WHAT IS NEEDED
Search the records below for "shows"; copy each line that has it.
+++++
definition deg_GU :: "'a set \<Rightarrow> ('a \<Rightarrow> 'a \<Rightarrow> bool) \<Rightarrow> 'a \<Rightarrow> nat" where
  "deg_GU V E v = card {u \<in> V - U_set V E. E v u}"

definition is_leaf :: "'a set \<Rightarrow> ('a \<Rightarrow> 'a \<Rightarrow> bool) \<Rightarrow> 'a \<Rightarrow> bool" where
  "is_leaf V E v \<longleftrightarrow> v \<in> V - U_set V E \<and> deg_GU V E v = 1"

definition is_internal :: "'a set \<Rightarrow> ('a \<Rightarrow> 'a \<Rightarrow> bool) \<Rightarrow> 'a \<Rightarrow> bool" where
  "is_internal V E v \<longleftrightarrow> v \<in> V - U_set V E \<and> deg_GU V E v \<noteq> 1"

definition has_type :: "'a set \<Rightarrow> ('a \<Rightarrow> 'a \<Rightarrow> bool) \<Rightarrow> 'a \<Rightarrow> nat \<Rightarrow> bool" where
  "has_type V E v k \<longleftrightarrow> (v \<in> U_set V E \<and> k = 0) \<or>
     (is_internal V E v \<and> card {u \<in> V - U_set V E. E v u \<and> is_leaf V E u} = k)"

definition V0 :: "'a set \<Rightarrow> ('a \<Rightarrow> 'a \<Rightarrow> bool) \<Rightarrow> 'a set" where
  "V0 V E = {v \<in> V. has_type V E v 0}"

definition E0 :: "'a set \<Rightarrow> ('a \<Rightarrow> 'a \<Rightarrow> bool) \<Rightarrow> 'a \<Rightarrow> 'a \<Rightarrow> bool" where
  "E0 V E x y \<longleftrightarrow> E x y \<and> x \<in> V0 V E \<and> y \<in> V0 V E"

end

(*
  Let C be the component of G_0 containing x.  Excluding induced C_3, C_5 and C_7 excludes every
  closed walk of odd length at most 7, and excluding induced C_3 and C_4 excludes every 4-cycle: a
  repeated vertex or a chord splits a closed walk into two shorter ones, one of which is odd.

  The counting principle: let T be an independent set of supports and M \<subseteq> C an independent set that
  dominates the vertices of C not adjacent to T.  Then T, the leaves not adjacent to T and M extend to
  a maximal independent set S, and as every support in T owns a private leaf, |S| \<le> |L| + |M| + |R|
  where L is the set of leaves and R = S \<inter> (V(G_0) - C).  Since L \<union> J \<union> R is independent for every
  independent J \<subseteq> C, the equation alpha(G) = i(G) + 1 yields |J| \<le> |M| + 1.

  A vertex u of C with three neighbours in C violates this for J = N(u) \<union> K and M = {u} \<union> K, where T
  consists of the supports adjacent to the second neighbourhood of u and K is a maximal independent
  set of the remaining vertices of C; the missing short odd closed walks and 4-cycles make these sets
  independent and dominating.  So C is a path or a cycle on n vertices, and choosing J as every other
  and M as every third vertex gives (n + 1) div 2, resp. n div 2, \<le> (n + 2) div 3 + 1.
*)
theory Submission
  imports Defs
begin

locale graph =
  fixes V :: "'a set" and E :: "'a \<Rightarrow> 'a \<Rightarrow> bool"
  assumes simple: "simple_graph V E"
begin

lemma finite_V: "finite V"
  and edge_in_V: "E a b \<Longrightarrow> a \<in> V \<and> b \<in> V"
  and edge_sym: "E a b \<Longrightarrow> E b a"
  and no_loop: "\<not> E a a"
  using simple unfolding simple_graph_def by blast+

section \<open>Closed walks and short cycles\<close>

definition closed_walk :: "'a list \<Rightarrow> bool" where
  "closed_walk ws \<longleftrightarrow> ws \<noteq> [] \<and> successively E ws \<and> E (last ws) (hd ws)"

lemma closed_walk_nth:
  assumes "closed_walk ws" "i < length ws"
  shows "E (ws ! i) (ws ! (Suc i mod length ws))"
proof (cases "Suc i < length ws")
  case True
  then show ?thesis using assms(1) by (simp add: closed_walk_def successively_nth)
next
  case False
  then have "i = length ws - 1" using assms(2) by simp
  then show ?thesis using assms
    by (auto simp: closed_walk_def last_conv_nth hd_conv_nth)
qed

lemma closed_walk_in_V: "closed_walk ws \<Longrightarrow> set ws \<subseteq> V"
  using closed_walk_nth edge_in_V by (metis in_set_conv_nth subsetI)

lemma closed_walk_rotate: "closed_walk (xs @ ys) \<Longrightarrow> closed_walk (ys @ xs)"
  by (cases "xs = []"; cases "ys = []")
    (auto simp: closed_walk_def successively_append_iff)

lemma closed_walk_split_repeat:
  "closed_walk (a # ys @ a # zs) \<Longrightarrow> closed_walk (a # ys) \<and> closed_walk (a # zs)"
  by (auto simp: closed_walk_def successively_append_iff successively_Cons[of _ a])

lemma closed_walk_split_chord:
  assumes "closed_walk (a # ys @ b # zs)" "E a b"
  shows "closed_walk (a # ys @ [b]) \<and> closed_walk (a # b # zs)"
proof -
  have "successively E (a # ys)" "successively E (b # zs)" "E (last (a # ys)) b"
    "E (last (b # zs)) a"
    using assms(1) successively_append_iff[of E "a # ys" "b # zs"] by (auto simp: closed_walk_def)
  then show ?thesis
    using assms(2) successively_append_iff[of E "a # ys" "[b]"]
    by (auto simp: closed_walk_def edge_sym)
qed

lemma closed_walk_split_at_repeated_vertex:
  assumes walk: "closed_walk ws" and "\<not> distinct ws"
  obtains ws1 ws2 where "closed_walk ws1" "closed_walk ws2"
    "length ws1 + length ws2 = length ws"
    "length ws1 < length ws" "length ws2 < length ws"
proof -
  obtain xs ys zs a where decomp: "ws = xs @ [a] @ ys @ [a] @ zs"
    using not_distinct_decomp[OF \<open>\<not> distinct ws\<close>] by blast
  then have "closed_walk (a # ys @ a # zs @ xs)"
    using closed_walk_rotate[of xs "a # ys @ a # zs"] walk by simp
  then have "closed_walk (a # ys)" "closed_walk (a # zs @ xs)"
    using closed_walk_split_repeat by blast+
  then show ?thesis
    using that[of "a # ys" "a # zs @ xs"] decomp by simp
qed

lemma closed_walk_split_at_chord:
  assumes walk: "closed_walk ws" and ij: "i < j" "j < length ws"
    and chord: "E (ws ! i) (ws ! j)" "\<not> cycle_adj (length ws) i j"
  obtains ws1 ws2 where "closed_walk ws1" "closed_walk ws2"
    "length ws1 + length ws2 = length ws + 2"
    "length ws1 < length ws" "length ws2 < length ws"
proof -
  define xs ys zs where "xs = take i ws" and "ys = take (j - Suc i) (drop (Suc i) ws)"
    and "zs = drop (Suc j) ws"
  have "drop (Suc i) ws = ys @ ws ! j # zs"
    using id_take_nth_drop[of "j - Suc i" "drop (Suc i) ws"] ij by (simp add: ys_def zs_def)
  then have decomp: "ws = xs @ ws ! i # ys @ ws ! j # zs"
    using id_take_nth_drop[of i ws] ij by (simp add: xs_def)
  then have "closed_walk (ws ! i # ys @ ws ! j # zs @ xs)"
    using closed_walk_rotate[of xs] walk by (metis append.assoc append_Cons)
  then have "closed_walk (ws ! i # ys @ [ws ! j])" "closed_walk (ws ! i # ws ! j # zs @ xs)"
    using closed_walk_split_chord chord(1) by blast+
  moreover have "ys \<noteq> []"
    using chord(2) ij unfolding cycle_adj_def ys_def by auto
  moreover have "zs @ xs \<noteq> []"
  proof (cases "Suc j = length ws")
    case True
    then show ?thesis using chord(2) ij unfolding cycle_adj_def xs_def by auto
  qed (use ij in \<open>simp add: zs_def\<close>)
  moreover have "length ws = length xs + length ys + length zs + 2"
    by (subst decomp) simp
  ultimately show ?thesis
    using that[of "ws ! i # ys @ [ws ! j]" "ws ! i # ws ! j # zs @ xs"] by auto
qed

lemma has_induced_cycle_if_chordless:
  assumes walk: "closed_walk ws" and "distinct ws"
    and chordless: "\<And>i j. i < length ws \<Longrightarrow> j < length ws \<Longrightarrow> E (ws ! i) (ws ! j) \<Longrightarrow>
       cycle_adj (length ws) i j"
  shows "has_induced_cycle V E (length ws)"
  unfolding has_induced_cycle_def
proof (intro exI conjI allI impI)
  show "inj_on ((!) ws) {0..<length ws}"
    using \<open>distinct ws\<close> by (simp add: inj_on_nth)
  show "(!) ws ` {0..<length ws} \<subseteq> V"
    using closed_walk_in_V[OF walk] by auto
  fix i j assume ij: "i < length ws" "j < length ws"
  show "E (ws ! i) (ws ! j) = cycle_adj (length ws) i j"
    using chordless[OF ij] closed_walk_nth[OF walk] ij edge_sym
    unfolding cycle_adj_def by blast
qed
+++++
EXERCISE SOLUTION
  shows "E (ws ! i) (ws ! (Suc i mod length ws))"
  shows "closed_walk (a # ys @ [b]) \<and> closed_walk (a # b # zs)"
  shows "has_induced_cycle V E (length ws)"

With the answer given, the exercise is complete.